*** Exercise materials Section Begins ***
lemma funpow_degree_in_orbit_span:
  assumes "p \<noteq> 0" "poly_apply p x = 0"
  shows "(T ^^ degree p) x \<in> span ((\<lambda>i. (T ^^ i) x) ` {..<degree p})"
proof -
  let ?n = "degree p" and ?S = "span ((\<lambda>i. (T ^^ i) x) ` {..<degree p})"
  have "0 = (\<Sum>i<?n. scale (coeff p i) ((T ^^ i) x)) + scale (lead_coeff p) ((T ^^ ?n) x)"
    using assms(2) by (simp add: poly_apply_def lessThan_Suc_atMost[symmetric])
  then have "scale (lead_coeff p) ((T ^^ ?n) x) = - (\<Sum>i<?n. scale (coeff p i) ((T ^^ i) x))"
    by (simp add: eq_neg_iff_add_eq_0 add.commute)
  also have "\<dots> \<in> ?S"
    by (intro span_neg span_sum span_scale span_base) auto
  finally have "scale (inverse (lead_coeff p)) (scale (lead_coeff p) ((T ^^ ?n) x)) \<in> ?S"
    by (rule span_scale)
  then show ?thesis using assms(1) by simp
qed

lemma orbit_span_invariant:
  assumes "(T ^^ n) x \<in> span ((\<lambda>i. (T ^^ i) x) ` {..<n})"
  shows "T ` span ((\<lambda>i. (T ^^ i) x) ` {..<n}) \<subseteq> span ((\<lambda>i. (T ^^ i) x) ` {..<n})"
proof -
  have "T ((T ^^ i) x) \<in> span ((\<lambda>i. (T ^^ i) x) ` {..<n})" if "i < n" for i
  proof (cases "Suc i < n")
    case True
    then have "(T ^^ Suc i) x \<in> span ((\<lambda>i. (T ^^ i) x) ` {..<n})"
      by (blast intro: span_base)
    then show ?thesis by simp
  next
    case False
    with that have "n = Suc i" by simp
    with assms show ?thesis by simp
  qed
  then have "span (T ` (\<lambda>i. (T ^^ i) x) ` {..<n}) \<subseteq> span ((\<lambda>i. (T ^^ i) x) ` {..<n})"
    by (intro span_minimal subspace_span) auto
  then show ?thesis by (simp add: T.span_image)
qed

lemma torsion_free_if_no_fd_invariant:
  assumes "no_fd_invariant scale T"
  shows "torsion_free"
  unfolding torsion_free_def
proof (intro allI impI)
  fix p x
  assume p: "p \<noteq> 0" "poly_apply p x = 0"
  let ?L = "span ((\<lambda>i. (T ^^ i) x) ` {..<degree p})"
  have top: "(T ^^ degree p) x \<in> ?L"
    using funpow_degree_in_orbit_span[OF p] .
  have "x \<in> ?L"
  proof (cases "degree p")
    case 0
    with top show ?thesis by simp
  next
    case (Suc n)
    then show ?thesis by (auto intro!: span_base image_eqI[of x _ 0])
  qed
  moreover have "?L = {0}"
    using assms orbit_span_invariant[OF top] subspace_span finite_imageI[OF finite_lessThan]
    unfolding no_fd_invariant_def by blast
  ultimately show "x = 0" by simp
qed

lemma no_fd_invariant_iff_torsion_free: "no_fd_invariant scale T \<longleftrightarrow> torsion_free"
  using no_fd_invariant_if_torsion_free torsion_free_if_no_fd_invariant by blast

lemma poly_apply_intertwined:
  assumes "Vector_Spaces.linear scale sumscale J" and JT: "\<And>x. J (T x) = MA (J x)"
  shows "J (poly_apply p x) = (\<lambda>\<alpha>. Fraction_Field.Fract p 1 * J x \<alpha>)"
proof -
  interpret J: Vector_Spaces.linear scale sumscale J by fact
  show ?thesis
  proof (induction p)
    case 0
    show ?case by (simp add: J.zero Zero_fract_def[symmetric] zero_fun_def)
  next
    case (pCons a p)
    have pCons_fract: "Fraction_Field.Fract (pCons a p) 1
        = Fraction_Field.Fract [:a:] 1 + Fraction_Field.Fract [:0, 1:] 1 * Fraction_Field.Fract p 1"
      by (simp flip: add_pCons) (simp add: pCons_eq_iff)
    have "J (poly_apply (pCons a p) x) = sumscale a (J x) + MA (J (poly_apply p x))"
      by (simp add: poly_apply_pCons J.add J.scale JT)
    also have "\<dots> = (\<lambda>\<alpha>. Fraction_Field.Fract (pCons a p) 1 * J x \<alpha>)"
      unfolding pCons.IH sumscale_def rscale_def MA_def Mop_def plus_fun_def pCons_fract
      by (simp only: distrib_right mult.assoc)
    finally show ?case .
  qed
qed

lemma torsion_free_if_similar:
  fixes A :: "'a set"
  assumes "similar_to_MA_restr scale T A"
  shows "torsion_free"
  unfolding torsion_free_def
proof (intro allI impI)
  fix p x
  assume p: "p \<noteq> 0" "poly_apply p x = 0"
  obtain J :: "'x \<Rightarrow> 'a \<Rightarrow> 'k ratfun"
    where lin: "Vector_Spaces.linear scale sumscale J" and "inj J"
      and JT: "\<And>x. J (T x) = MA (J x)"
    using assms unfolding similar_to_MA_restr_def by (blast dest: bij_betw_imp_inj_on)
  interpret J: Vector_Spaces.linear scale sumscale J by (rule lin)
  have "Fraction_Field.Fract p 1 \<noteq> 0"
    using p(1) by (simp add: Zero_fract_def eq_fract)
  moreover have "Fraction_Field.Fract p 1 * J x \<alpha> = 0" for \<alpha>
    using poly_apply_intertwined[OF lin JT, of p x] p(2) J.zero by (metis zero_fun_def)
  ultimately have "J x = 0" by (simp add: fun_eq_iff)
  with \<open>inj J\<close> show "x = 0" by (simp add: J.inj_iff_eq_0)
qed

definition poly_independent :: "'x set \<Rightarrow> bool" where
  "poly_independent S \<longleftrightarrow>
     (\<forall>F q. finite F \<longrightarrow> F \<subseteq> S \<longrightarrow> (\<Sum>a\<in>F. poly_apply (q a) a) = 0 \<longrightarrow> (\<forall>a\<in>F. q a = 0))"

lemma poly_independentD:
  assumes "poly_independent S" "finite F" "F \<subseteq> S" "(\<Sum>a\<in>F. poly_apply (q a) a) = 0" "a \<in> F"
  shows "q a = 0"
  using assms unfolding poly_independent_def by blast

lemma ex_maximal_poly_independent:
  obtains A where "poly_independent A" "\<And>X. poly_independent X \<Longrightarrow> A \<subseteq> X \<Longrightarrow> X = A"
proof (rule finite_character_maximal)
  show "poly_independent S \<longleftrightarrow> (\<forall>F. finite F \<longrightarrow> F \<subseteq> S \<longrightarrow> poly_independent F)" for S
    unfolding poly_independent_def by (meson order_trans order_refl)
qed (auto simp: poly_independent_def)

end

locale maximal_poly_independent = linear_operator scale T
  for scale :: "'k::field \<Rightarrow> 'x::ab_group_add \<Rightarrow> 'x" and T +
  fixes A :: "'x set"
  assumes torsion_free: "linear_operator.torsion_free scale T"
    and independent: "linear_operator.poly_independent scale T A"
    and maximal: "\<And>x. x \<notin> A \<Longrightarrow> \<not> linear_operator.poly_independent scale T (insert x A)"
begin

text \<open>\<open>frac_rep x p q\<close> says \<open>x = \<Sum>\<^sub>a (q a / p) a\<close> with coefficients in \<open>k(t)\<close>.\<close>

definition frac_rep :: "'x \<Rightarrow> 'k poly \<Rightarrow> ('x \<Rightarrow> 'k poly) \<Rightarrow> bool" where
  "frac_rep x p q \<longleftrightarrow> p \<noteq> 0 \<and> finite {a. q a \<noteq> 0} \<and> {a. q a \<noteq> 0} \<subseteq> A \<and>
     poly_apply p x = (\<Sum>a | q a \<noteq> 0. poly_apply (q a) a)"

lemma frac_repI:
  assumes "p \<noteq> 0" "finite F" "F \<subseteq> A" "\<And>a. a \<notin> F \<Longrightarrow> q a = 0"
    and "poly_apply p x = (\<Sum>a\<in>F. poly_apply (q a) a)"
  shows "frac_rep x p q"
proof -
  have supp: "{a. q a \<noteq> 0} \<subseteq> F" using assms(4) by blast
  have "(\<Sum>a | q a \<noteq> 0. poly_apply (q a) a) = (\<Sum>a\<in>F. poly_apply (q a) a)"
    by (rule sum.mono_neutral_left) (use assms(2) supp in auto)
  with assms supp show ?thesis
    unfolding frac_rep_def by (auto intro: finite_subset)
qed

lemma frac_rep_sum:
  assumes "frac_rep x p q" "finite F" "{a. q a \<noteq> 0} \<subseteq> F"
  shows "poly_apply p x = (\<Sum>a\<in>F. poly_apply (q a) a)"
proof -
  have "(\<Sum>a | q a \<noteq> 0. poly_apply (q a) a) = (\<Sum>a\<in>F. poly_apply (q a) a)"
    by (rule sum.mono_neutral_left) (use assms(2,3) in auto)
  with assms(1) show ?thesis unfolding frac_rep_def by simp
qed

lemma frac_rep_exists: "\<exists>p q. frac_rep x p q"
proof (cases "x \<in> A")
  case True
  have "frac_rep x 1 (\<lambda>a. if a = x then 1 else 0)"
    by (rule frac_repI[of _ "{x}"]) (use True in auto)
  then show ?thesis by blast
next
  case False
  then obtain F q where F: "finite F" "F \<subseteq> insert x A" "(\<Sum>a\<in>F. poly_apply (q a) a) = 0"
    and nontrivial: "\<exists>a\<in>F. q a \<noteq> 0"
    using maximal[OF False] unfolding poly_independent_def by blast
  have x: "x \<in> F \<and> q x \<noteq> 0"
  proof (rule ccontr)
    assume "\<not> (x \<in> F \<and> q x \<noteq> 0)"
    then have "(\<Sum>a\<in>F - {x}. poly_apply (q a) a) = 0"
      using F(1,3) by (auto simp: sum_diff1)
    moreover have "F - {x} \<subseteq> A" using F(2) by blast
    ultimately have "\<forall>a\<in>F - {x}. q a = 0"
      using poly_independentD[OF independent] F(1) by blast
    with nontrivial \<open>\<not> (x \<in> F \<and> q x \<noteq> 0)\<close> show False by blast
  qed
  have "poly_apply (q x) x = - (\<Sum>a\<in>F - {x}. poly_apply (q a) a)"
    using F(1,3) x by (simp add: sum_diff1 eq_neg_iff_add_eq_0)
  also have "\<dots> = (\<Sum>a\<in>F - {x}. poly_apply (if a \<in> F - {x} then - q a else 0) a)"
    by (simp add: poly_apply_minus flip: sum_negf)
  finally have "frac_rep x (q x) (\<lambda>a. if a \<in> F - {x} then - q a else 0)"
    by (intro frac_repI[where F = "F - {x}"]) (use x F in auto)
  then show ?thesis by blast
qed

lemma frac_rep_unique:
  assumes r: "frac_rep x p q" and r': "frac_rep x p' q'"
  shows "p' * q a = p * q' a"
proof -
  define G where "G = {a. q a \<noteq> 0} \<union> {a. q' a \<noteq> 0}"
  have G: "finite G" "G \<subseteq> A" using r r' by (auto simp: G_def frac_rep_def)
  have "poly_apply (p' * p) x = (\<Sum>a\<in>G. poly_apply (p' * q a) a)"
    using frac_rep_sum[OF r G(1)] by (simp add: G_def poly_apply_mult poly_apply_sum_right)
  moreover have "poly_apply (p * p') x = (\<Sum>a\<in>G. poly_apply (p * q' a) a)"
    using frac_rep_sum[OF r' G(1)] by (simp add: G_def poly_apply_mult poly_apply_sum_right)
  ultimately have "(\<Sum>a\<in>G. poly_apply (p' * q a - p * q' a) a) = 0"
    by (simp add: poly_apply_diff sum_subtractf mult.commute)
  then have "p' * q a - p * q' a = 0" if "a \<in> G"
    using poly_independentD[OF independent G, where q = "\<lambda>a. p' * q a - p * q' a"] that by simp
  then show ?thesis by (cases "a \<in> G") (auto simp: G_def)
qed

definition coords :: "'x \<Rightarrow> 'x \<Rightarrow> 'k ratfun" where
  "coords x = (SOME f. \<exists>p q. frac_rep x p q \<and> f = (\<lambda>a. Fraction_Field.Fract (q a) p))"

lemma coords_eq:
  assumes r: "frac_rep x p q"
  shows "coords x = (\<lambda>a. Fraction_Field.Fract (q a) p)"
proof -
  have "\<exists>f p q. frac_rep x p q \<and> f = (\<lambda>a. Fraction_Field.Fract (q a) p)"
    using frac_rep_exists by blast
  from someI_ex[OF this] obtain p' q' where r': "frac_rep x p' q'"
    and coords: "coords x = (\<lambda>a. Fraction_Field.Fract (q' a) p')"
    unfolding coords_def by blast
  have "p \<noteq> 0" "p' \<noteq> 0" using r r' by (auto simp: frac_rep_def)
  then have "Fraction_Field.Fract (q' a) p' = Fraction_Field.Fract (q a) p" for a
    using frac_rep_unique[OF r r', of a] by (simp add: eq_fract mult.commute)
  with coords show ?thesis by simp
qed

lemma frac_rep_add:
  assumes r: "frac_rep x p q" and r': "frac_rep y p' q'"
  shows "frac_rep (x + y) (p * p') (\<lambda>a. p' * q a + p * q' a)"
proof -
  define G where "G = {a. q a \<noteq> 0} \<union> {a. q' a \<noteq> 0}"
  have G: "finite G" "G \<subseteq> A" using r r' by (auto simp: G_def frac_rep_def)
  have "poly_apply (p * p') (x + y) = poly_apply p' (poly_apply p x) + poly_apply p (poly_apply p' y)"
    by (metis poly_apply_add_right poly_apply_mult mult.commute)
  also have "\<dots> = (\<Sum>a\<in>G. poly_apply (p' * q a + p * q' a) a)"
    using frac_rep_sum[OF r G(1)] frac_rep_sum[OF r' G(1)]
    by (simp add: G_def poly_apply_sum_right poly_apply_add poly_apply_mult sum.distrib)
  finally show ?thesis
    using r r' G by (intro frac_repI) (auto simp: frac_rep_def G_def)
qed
*** Exercise materials Section Ends ***
*** Exercise materials Section Begins ***
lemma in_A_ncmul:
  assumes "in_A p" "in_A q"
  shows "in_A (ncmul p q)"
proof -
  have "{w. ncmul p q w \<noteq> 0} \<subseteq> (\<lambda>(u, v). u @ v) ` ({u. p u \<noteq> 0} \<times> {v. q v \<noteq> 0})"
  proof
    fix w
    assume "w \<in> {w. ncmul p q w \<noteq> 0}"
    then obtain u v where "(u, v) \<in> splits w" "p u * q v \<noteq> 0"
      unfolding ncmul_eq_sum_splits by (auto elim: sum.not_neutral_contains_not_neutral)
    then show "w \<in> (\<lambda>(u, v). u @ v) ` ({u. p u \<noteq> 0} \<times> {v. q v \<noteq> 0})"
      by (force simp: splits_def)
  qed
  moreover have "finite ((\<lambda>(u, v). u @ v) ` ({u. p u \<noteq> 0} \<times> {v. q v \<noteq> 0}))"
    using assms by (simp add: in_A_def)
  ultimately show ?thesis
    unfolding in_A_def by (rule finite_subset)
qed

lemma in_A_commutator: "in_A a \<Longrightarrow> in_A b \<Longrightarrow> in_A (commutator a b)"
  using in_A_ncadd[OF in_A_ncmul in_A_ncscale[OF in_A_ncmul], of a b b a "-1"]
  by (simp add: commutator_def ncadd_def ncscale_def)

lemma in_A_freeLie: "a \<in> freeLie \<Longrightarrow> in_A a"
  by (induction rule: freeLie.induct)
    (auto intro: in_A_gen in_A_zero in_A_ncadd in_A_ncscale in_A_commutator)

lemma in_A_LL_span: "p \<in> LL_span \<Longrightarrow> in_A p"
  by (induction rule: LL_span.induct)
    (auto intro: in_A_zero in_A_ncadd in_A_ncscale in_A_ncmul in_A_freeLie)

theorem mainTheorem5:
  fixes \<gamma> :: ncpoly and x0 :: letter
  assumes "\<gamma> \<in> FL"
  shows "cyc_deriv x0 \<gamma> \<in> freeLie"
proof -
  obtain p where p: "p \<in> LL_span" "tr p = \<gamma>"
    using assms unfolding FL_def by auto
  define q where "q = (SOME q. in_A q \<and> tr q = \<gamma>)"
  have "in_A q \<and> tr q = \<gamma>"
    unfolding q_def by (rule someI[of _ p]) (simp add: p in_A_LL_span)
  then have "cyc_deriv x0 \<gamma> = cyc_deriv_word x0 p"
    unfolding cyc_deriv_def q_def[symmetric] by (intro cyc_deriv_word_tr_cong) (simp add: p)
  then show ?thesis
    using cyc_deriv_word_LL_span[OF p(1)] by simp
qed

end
*** Exercise materials Section Ends ***
*** Exercise materials Section Begins ***
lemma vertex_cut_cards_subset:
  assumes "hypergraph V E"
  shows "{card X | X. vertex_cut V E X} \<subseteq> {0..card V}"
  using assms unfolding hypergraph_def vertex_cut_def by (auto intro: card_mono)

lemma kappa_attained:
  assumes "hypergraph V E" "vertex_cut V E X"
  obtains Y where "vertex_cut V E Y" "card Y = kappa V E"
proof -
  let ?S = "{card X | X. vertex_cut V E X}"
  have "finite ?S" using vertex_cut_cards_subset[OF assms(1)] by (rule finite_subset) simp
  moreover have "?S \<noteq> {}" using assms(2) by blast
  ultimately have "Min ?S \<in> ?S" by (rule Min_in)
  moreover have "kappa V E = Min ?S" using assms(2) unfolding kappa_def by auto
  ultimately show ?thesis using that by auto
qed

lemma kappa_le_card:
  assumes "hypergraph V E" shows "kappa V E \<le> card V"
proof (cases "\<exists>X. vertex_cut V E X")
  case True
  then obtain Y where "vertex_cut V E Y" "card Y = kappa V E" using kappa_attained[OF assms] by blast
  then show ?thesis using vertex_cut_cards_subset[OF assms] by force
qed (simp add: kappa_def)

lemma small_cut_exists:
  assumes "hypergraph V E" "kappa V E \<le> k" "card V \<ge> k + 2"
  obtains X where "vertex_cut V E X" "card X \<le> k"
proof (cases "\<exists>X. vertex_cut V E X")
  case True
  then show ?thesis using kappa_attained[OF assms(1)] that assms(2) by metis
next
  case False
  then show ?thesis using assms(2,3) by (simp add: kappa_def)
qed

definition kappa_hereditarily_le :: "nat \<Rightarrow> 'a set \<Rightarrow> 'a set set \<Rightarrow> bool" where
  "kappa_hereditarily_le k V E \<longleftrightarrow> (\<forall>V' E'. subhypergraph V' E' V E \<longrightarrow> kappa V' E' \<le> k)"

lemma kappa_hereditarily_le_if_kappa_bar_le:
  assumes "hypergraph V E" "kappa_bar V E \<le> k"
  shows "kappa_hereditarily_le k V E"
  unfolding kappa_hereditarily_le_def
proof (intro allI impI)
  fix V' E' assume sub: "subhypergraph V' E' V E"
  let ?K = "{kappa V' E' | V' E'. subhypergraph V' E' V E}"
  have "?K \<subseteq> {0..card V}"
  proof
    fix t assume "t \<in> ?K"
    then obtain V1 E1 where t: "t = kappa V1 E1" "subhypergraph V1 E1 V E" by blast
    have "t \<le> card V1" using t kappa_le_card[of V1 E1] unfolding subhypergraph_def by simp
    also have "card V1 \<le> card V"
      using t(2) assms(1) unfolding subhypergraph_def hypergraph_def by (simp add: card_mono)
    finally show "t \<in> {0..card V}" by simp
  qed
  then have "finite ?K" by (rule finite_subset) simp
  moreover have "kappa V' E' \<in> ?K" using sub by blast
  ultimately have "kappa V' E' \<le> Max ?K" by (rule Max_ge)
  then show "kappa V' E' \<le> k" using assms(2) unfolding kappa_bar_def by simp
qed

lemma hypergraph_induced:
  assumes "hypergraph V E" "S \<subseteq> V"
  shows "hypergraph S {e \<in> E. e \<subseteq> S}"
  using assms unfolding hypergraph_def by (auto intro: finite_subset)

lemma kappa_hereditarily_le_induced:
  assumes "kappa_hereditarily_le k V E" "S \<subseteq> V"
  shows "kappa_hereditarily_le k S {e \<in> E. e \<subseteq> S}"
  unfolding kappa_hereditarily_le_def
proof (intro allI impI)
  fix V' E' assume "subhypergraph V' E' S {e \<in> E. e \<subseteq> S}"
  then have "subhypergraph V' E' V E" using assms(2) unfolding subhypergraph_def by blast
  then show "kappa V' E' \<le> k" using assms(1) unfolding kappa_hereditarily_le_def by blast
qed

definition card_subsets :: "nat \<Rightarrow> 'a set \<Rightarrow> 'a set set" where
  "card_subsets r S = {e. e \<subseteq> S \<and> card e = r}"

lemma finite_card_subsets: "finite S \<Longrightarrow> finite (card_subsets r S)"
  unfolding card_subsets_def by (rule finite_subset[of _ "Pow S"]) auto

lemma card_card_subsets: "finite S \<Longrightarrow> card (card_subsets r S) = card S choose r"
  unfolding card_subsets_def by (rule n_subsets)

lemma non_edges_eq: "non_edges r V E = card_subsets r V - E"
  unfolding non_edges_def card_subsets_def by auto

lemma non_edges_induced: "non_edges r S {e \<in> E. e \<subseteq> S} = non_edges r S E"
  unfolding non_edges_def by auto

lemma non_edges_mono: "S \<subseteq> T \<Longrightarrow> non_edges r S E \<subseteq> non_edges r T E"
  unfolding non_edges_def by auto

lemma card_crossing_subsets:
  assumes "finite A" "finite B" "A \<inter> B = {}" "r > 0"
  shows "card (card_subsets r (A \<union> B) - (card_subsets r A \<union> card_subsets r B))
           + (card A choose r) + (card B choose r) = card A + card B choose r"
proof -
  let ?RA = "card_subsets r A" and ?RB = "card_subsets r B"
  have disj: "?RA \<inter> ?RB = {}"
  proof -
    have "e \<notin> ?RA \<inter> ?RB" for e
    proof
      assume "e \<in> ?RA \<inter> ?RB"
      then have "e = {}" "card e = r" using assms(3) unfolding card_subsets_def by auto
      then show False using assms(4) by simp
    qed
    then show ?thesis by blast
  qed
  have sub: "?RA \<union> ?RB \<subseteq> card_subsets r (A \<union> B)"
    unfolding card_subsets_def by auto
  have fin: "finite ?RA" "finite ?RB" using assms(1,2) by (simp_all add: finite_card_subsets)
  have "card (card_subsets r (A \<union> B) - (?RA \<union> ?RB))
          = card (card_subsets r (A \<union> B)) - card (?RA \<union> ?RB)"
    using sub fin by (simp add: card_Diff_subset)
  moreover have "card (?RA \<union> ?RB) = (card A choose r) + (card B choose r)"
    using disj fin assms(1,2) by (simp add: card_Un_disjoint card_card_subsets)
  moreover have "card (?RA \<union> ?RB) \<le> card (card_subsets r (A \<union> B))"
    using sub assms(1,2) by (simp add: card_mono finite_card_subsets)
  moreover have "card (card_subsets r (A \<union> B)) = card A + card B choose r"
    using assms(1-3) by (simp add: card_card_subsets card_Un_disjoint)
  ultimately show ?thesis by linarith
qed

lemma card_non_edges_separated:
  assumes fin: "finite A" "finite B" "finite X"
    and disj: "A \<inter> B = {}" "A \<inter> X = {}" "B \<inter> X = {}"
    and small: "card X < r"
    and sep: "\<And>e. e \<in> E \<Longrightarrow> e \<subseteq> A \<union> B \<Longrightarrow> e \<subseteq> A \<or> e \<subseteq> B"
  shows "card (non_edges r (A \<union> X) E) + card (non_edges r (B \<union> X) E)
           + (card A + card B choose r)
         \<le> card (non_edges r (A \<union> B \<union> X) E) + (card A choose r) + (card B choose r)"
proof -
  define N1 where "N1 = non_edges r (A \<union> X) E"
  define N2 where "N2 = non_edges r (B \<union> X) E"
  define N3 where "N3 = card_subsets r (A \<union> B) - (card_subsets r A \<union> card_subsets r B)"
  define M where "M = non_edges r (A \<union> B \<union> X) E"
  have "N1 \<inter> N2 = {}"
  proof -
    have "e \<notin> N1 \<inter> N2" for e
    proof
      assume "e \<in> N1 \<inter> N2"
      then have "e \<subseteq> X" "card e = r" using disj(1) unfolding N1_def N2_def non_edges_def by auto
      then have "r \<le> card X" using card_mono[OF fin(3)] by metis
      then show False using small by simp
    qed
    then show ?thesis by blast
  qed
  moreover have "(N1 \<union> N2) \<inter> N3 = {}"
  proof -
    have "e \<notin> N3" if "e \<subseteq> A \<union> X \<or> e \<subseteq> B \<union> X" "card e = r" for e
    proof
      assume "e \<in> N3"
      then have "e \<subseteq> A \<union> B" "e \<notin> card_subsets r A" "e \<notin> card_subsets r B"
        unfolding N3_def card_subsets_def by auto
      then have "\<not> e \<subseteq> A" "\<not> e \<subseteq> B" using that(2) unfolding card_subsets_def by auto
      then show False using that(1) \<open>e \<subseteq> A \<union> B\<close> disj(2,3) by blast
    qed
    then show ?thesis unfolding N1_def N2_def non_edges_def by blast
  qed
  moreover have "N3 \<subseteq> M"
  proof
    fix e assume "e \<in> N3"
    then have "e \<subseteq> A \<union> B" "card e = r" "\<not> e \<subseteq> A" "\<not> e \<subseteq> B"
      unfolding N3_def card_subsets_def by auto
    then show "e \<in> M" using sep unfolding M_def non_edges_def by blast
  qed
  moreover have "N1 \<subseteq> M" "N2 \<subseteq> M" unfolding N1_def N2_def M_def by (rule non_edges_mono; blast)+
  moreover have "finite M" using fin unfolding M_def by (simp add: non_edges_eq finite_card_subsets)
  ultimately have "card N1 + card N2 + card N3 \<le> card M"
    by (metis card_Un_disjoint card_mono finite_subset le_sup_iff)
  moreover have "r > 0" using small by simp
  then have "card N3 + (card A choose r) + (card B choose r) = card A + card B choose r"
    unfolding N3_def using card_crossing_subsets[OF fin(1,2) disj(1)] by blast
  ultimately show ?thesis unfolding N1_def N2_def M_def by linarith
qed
*** Exercise materials Section Ends ***
### What the task requires
In the entries above, find each line that includes the string "times" and copy it.

### Result for this task
  have "{w. ncmul p q w \<noteq> 0} \<subseteq> (\<lambda>(u, v). u @ v) ` ({u. p u \<noteq> 0} \<times> {v. q v \<noteq> 0})"
    then show "w \<in> (\<lambda>(u, v). u @ v) ` ({u. p u \<noteq> 0} \<times> {v. q v \<noteq> 0})"
  moreover have "finite ((\<lambda>(u, v). u @ v) ` ({u. p u \<noteq> 0} \<times> {v. q v \<noteq> 0}))"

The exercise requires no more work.